┌──
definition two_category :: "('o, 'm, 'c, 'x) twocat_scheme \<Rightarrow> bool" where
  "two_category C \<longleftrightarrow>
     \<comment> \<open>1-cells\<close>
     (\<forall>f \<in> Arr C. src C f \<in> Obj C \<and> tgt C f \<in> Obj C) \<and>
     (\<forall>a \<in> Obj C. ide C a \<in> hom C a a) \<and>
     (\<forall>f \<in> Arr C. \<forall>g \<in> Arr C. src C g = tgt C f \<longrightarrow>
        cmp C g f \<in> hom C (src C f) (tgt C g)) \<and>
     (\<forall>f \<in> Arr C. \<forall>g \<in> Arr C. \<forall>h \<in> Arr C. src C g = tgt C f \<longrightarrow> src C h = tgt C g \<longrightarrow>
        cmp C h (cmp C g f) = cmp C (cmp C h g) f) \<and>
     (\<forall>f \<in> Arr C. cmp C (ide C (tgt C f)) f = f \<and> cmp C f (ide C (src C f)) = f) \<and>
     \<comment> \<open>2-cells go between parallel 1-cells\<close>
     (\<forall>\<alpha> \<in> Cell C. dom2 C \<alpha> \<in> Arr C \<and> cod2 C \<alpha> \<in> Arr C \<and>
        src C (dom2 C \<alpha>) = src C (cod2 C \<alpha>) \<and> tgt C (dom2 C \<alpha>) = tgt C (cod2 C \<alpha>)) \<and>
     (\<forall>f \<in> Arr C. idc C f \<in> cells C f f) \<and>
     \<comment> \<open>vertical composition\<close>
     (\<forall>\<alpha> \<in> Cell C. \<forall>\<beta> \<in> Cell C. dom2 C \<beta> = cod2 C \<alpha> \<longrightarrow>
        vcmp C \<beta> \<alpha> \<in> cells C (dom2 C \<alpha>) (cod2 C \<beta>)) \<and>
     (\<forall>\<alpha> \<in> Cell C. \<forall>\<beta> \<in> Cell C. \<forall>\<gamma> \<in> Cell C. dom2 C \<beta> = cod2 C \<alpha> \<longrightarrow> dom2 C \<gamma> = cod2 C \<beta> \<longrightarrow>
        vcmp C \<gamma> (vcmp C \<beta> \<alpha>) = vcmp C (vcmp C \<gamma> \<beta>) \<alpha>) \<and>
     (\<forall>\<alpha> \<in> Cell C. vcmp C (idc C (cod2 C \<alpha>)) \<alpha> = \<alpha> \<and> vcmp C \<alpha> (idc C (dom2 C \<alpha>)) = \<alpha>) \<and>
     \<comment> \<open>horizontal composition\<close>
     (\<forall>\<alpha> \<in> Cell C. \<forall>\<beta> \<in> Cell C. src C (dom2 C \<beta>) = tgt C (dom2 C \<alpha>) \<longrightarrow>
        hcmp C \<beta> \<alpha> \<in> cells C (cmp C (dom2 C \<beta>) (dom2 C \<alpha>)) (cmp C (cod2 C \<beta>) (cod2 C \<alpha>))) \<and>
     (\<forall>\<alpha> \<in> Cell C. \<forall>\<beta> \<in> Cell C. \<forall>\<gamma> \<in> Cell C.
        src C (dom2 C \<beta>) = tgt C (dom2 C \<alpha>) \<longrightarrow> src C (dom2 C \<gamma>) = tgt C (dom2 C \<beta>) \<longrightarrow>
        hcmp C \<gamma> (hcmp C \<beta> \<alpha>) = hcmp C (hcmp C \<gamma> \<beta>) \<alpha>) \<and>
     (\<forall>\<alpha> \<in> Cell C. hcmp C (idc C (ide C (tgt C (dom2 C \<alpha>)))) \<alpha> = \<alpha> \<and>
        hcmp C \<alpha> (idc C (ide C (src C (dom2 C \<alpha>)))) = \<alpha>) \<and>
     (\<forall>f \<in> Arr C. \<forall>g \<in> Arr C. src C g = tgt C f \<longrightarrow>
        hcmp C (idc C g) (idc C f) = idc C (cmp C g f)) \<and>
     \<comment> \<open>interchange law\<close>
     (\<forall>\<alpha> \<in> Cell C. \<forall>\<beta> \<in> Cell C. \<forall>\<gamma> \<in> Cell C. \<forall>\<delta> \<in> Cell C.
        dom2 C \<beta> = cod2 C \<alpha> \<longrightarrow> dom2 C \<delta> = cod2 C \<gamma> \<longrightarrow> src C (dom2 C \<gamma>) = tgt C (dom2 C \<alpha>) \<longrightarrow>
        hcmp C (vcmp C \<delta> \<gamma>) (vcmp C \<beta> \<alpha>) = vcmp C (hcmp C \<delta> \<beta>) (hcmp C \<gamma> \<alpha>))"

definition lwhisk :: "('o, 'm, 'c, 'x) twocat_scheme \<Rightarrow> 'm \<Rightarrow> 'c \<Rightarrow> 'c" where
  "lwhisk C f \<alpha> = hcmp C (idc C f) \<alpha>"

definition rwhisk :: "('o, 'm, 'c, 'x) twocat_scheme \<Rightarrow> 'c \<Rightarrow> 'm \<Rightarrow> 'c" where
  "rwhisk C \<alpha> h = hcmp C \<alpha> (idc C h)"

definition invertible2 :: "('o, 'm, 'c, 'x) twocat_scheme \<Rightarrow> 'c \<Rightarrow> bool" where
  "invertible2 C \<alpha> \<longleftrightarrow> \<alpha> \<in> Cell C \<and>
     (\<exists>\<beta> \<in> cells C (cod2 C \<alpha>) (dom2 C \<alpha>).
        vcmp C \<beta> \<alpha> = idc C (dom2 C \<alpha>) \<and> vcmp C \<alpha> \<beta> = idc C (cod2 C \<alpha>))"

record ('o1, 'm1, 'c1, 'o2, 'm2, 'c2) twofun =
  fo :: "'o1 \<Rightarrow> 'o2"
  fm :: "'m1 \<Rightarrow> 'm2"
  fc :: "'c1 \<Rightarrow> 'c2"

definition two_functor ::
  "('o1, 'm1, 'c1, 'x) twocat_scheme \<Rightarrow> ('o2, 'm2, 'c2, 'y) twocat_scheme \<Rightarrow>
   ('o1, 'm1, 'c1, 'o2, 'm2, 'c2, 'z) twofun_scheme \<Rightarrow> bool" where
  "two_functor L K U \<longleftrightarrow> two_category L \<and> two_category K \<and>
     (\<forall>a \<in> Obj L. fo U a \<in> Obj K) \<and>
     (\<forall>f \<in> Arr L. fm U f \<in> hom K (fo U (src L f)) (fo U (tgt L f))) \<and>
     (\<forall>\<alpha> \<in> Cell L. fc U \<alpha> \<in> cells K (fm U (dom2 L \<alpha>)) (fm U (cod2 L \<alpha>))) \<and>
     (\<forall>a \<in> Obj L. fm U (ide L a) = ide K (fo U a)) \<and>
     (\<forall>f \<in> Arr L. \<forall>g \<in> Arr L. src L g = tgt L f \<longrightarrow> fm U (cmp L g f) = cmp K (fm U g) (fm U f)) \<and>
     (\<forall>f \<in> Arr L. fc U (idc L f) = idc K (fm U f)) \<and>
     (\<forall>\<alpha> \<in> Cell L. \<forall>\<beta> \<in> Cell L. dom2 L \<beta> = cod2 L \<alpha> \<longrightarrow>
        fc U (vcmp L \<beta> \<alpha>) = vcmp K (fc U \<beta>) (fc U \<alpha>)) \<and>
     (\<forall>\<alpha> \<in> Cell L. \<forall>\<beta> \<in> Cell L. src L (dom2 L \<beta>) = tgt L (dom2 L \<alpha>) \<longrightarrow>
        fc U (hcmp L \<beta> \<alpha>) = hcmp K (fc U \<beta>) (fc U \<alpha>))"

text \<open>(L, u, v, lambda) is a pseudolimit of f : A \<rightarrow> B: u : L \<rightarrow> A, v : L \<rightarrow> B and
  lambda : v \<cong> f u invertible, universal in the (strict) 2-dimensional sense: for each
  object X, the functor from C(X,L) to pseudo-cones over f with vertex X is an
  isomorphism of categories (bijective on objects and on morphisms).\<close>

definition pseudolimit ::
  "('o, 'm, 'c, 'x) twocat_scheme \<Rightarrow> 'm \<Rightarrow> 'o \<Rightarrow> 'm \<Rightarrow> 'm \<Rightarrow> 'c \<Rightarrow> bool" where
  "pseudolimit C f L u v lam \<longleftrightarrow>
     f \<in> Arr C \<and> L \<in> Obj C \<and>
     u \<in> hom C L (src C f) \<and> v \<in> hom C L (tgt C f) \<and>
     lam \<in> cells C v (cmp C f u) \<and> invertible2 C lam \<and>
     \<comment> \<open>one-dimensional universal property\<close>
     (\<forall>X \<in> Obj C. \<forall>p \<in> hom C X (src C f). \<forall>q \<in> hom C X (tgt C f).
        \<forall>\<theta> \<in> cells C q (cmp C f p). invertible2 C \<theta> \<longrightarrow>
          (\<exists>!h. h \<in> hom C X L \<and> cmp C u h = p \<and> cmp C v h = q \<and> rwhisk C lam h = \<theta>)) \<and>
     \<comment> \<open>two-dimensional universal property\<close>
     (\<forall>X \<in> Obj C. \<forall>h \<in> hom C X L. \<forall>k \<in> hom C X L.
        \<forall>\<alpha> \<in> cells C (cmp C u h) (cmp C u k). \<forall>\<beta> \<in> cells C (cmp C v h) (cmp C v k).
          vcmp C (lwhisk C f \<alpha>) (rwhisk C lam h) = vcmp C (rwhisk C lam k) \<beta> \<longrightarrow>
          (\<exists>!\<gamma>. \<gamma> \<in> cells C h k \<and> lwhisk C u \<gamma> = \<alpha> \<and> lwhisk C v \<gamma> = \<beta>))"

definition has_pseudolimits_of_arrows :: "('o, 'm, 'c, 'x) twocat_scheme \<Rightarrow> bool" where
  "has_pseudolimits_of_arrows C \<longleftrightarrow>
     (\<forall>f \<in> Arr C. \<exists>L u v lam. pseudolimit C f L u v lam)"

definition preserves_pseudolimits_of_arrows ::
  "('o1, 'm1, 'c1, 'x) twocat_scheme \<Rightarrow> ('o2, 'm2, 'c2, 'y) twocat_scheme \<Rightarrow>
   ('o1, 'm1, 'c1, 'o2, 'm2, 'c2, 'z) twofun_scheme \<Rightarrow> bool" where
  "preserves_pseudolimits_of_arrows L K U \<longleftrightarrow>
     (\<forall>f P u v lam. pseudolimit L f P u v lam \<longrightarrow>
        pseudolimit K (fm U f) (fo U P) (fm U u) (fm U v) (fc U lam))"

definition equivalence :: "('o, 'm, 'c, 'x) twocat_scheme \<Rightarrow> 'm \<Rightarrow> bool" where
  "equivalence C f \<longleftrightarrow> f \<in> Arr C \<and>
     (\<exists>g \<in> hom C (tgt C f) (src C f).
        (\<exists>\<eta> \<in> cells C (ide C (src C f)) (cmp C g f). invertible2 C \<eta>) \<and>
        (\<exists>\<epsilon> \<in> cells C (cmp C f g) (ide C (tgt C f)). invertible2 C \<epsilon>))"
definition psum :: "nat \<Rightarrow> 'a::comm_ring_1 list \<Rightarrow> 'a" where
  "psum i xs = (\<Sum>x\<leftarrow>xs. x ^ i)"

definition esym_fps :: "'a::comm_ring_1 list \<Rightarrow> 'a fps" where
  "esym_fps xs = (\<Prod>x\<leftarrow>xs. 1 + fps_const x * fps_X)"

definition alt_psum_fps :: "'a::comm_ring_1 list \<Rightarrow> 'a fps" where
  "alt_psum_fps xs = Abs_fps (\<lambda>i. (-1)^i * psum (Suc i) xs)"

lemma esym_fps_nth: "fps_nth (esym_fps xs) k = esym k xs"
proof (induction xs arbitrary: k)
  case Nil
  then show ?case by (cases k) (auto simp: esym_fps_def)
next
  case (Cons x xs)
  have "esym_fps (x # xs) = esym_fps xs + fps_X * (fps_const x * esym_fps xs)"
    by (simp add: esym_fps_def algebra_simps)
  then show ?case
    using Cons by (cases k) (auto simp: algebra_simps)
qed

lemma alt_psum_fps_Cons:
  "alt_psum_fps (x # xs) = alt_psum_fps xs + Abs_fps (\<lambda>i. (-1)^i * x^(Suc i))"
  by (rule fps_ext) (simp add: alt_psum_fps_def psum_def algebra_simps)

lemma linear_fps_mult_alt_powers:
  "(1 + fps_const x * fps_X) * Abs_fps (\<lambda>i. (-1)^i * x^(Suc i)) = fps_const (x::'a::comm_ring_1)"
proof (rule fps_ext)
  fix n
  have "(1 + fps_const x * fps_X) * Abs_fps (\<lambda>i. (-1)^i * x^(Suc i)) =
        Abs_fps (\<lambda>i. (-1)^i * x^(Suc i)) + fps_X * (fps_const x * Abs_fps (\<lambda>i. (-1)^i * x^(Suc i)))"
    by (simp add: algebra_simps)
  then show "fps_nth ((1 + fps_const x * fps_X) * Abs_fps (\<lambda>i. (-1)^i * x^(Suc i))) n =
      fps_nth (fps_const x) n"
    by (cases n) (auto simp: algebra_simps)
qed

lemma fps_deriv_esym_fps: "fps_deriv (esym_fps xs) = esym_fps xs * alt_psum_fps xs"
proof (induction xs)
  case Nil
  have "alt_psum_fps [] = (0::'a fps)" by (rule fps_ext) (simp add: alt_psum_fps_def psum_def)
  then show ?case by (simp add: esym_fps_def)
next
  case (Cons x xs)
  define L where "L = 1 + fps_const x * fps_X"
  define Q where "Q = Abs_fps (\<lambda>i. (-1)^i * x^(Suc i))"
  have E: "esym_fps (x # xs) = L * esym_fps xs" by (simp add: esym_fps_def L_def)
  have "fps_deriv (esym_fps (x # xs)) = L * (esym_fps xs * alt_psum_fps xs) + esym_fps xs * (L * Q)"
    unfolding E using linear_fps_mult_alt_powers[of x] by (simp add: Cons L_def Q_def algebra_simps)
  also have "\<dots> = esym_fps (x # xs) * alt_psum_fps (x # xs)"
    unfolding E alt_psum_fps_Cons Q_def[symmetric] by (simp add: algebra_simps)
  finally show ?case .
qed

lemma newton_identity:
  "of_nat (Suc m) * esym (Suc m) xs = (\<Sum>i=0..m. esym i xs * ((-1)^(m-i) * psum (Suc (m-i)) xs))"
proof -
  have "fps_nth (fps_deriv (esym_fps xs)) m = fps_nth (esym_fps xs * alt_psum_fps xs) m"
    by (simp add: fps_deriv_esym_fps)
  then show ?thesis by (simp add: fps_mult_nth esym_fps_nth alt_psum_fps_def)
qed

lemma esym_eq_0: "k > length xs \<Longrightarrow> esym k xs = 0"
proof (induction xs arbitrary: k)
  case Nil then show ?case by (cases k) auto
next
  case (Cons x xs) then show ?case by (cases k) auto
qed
└──
_Problem details_:
"composition" is the string to look for; please copy every line of the records above where it appears.

_Answer space_:
     \<comment> \<open>vertical composition\<close>
     \<comment> \<open>horizontal composition\<close>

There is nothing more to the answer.